══ AVAILABLE DATA

lemma char_matrix_mult_vec:
  "(\<chi> i j. (if i = j then r else 0) - A $ i $ j) *v v = r *\<^sub>R v - A *v v"
proof -
  have "(\<Sum>j\<in>UNIV. (if i = j then r else 0) * v $ j) = r * v $ i" for i
    by (simp add: if_distrib[of "\<lambda>a. a * _"] cong: if_cong)
  then show ?thesis
    by (simp add: vec_eq_iff matrix_vector_mult_def left_diff_distrib sum_subtractf)
qed

lemma charpoly_root_iff_eigenvalue:
  fixes A :: "real^'n^'n"
  shows "poly (charpoly A) r = 0 \<longleftrightarrow> (\<exists>v. v \<noteq> 0 \<and> A *v v = r *\<^sub>R v)"
proof -
  let ?M = "(\<chi> i j. (if i = j then r else 0) - A $ i $ j) :: real^'n^'n"
  have "poly (charpoly A) r = 0 \<longleftrightarrow> \<not> invertible ?M"
    by (simp add: poly_charpoly invertible_det_nz)
  also have "\<dots> \<longleftrightarrow> (\<exists>v. v \<noteq> 0 \<and> ?M *v v = 0)"
    by (auto simp: invertible_left_inverse matrix_left_invertible_ker)
  finally show ?thesis
    by (force simp: char_matrix_mult_vec)
qed

lemma degree_charpoly_le: "degree (charpoly (A :: real^'n^'n)) \<le> CARD('n)"
  unfolding charpoly_def det_def
proof (rule degree_sum_le)
  fix p :: "'n \<Rightarrow> 'n"
  let ?e = "\<lambda>i. (\<chi> i j. (if i = j then [:0, 1:] else 0) - [:A $ i $ j:]) $ i $ p i"
  have "degree (\<Prod>i\<in>UNIV. ?e i) \<le> (\<Sum>i\<in>UNIV. degree (?e i))"
    using degree_prod_sum_le[of UNIV ?e] by (simp add: o_def)
  also have "\<dots> \<le> (\<Sum>i\<in>(UNIV::'n set). 1)"
    by (intro sum_mono) (auto intro: degree_diff_le)
  finally show "degree (of_int (sign p) * (\<Prod>i\<in>UNIV. ?e i)) \<le> CARD('n)"
    by (intro order_trans[OF degree_mult_le]) simp
qed simp

lemma sum_order_abs_roots_le:
  fixes p :: "real poly"
  assumes "\<And>r. poly p r = 0 \<Longrightarrow> \<bar>r\<bar> \<le> c" and "0 \<le> c" and "degree p \<le> n"
  shows "(\<Sum>r\<in>{r. poly p r = 0}. real (order r p) * \<bar>r\<bar>) \<le> real n * c"
proof (cases "p = 0")
  case True
  then show ?thesis
    using assms by (simp add: infinite_UNIV_char_0)
next
  case False
  have "(\<Sum>r\<in>{r. poly p r = 0}. real (order r p) * \<bar>r\<bar>)
      \<le> (\<Sum>r\<in>{r. poly p r = 0}. real (order r p) * c)"
    by (intro sum_mono mult_left_mono assms) auto
  also have "\<dots> = real (\<Sum>r\<in>{r. poly p r = 0}. order r p) * c"
    by (simp add: sum_distrib_right)
  also have "\<dots> \<le> real n * c"
  proof (intro mult_right_mono assms(2))
    have "(\<Sum>r\<in>{r. poly p r = 0}. order r p) \<le> n"
      using sum_order_le_degree[OF False] assms(3) by simp
    then show "real (\<Sum>r\<in>{r. poly p r = 0}. order r p) \<le> real n"
      by (simp only: of_nat_le_iff)
  qed
  finally show ?thesis .
qed

lemma tr_plus_le:
  fixes A :: "real^'n^'n"
  assumes "\<And>v. norm (A *v v) \<le> c * norm v" and "0 \<le> c"
  shows "tr_plus A \<le> real CARD('n) * c"
  unfolding tr_plus_def
proof (rule sum_order_abs_roots_le[OF _ assms(2) degree_charpoly_le])
  fix r assume "poly (charpoly A) r = 0"
  then obtain v where "v \<noteq> 0" "A *v v = r *\<^sub>R v"
    by (auto simp: charpoly_root_iff_eigenvalue)
  with assms(1)[of v] show "\<bar>r\<bar> \<le> c"
    by simp
qed
lemma card_sbcs_insert_edge_less: "card (sbcs V (insert (v, w) U)) < card (sbcs V U)"
proof -
  let ?G = "insert (v, w) U"
  obtain N NE where N: "(N, NE) \<in> sbcs V ?G" "v \<in> N" "w \<in> N"
    using new_component_exists .
  have NE: "strongly_connected N NE" "NE \<subseteq> ?G"
    using sbcsD[OF N(1)] by (simp_all add: strongly_biconnected_def subgraph_def)
  obtain u where u: "(u, v) \<in> Restr NE N" "u \<noteq> v"
    using strongly_connected_obtain_in_edge[OF NE(1) N(3,2)] endpoints_distinct by metis
  obtain u' where u': "(w, u') \<in> Restr NE N" "u' \<noteq> w"
    using strongly_connected_obtain_out_edge[OF NE(1) N(3,2)] endpoints_distinct by metis
  have "(u, v) \<in> U" "u \<in> N" and "(w, u') \<in> U" "u' \<in> N" using u u' NE(2) by auto
  obtain C F where C: "(C, F) \<in> sbcs V U - sbcs V ?G" "u \<in> C" "v \<in> C"
    by (rule old_component_lost[OF N \<open>(u, v) \<in> U\<close> u(2) \<open>u \<in> N\<close> N(2)])
  obtain C' F' where C': "(C', F') \<in> sbcs V U - sbcs V ?G" "w \<in> C'" "u' \<in> C'"
    by (rule old_component_lost[OF N \<open>(w, u') \<in> U\<close> u'(2)[symmetric] N(3) \<open>u' \<in> N\<close>])
  have "(C, F) \<noteq> (C', F')" using apart C(1,3) C'(2) unfolding same_sbc_def by blast
  moreover have "sbcs V ?G - {(N, NE)} \<subseteq> sbcs V U - {(C, F), (C', F')}"
    using other_new_components_old[OF N] C(1) C'(1) by blast
  ultimately show ?thesis
    using C(1) C'(1) card_less_if_two_merged[OF finite_sbcs[OF finite_V]] by blast
qed

end

theorem mainTheorem1:
  fixes V :: "'a set" and E U :: "('a \<times> 'a) set" and v w :: 'a
  assumes "finite V"
    and "digraph V E"
    and "strongly_biconnected V E"
    and "U \<subseteq> E"
    and "strongly_connected V U"
    and "\<not> ug_biconnected V U"
    and "(v, w) \<in> E - U"
    and "\<not> same_sbc V U v w"
  shows "card (sbcs V (insert (v, w) U)) < card (sbcs V U)"
proof -
  \<comment> \<open>The hypotheses on E only place U, v and w inside V.\<close>
  have "U \<subseteq> V \<times> V" "v \<in> V" "w \<in> V" using assms(2,4,7) by (auto simp: digraph_def)
  then show ?thesis by (rule card_sbcs_insert_edge_less[OF assms(1) _ assms(5) _ _ assms(8)])
qed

════

• _TASK_
Restate, word for word and with nothing added, the lines from the beginning of the records above through the line that contains "0 \<Longrightarrow> \<bar>r\<bar>".

• _RESULT OF THIS TASK_
lemma char_matrix_mult_vec:
  "(\<chi> i j. (if i = j then r else 0) - A $ i $ j) *v v = r *\<^sub>R v - A *v v"
proof -
  have "(\<Sum>j\<in>UNIV. (if i = j then r else 0) * v $ j) = r * v $ i" for i
    by (simp add: if_distrib[of "\<lambda>a. a * _"] cong: if_cong)
  then show ?thesis
    by (simp add: vec_eq_iff matrix_vector_mult_def left_diff_distrib sum_subtractf)
qed

lemma charpoly_root_iff_eigenvalue:
  fixes A :: "real^'n^'n"
  shows "poly (charpoly A) r = 0 \<longleftrightarrow> (\<exists>v. v \<noteq> 0 \<and> A *v v = r *\<^sub>R v)"
proof -
  let ?M = "(\<chi> i j. (if i = j then r else 0) - A $ i $ j) :: real^'n^'n"
  have "poly (charpoly A) r = 0 \<longleftrightarrow> \<not> invertible ?M"
    by (simp add: poly_charpoly invertible_det_nz)
  also have "\<dots> \<longleftrightarrow> (\<exists>v. v \<noteq> 0 \<and> ?M *v v = 0)"
    by (auto simp: invertible_left_inverse matrix_left_invertible_ker)
  finally show ?thesis
    by (force simp: char_matrix_mult_vec)
qed

lemma degree_charpoly_le: "degree (charpoly (A :: real^'n^'n)) \<le> CARD('n)"
  unfolding charpoly_def det_def
proof (rule degree_sum_le)
  fix p :: "'n \<Rightarrow> 'n"
  let ?e = "\<lambda>i. (\<chi> i j. (if i = j then [:0, 1:] else 0) - [:A $ i $ j:]) $ i $ p i"
  have "degree (\<Prod>i\<in>UNIV. ?e i) \<le> (\<Sum>i\<in>UNIV. degree (?e i))"
    using degree_prod_sum_le[of UNIV ?e] by (simp add: o_def)
  also have "\<dots> \<le> (\<Sum>i\<in>(UNIV::'n set). 1)"
    by (intro sum_mono) (auto intro: degree_diff_le)
  finally show "degree (of_int (sign p) * (\<Prod>i\<in>UNIV. ?e i)) \<le> CARD('n)"
    by (intro order_trans[OF degree_mult_le]) simp
qed simp

lemma sum_order_abs_roots_le:
  fixes p :: "real poly"
  assumes "\<And>r. poly p r = 0 \<Longrightarrow> \<bar>r\<bar> \<le> c" and "0 \<le> c" and "degree p \<le> n"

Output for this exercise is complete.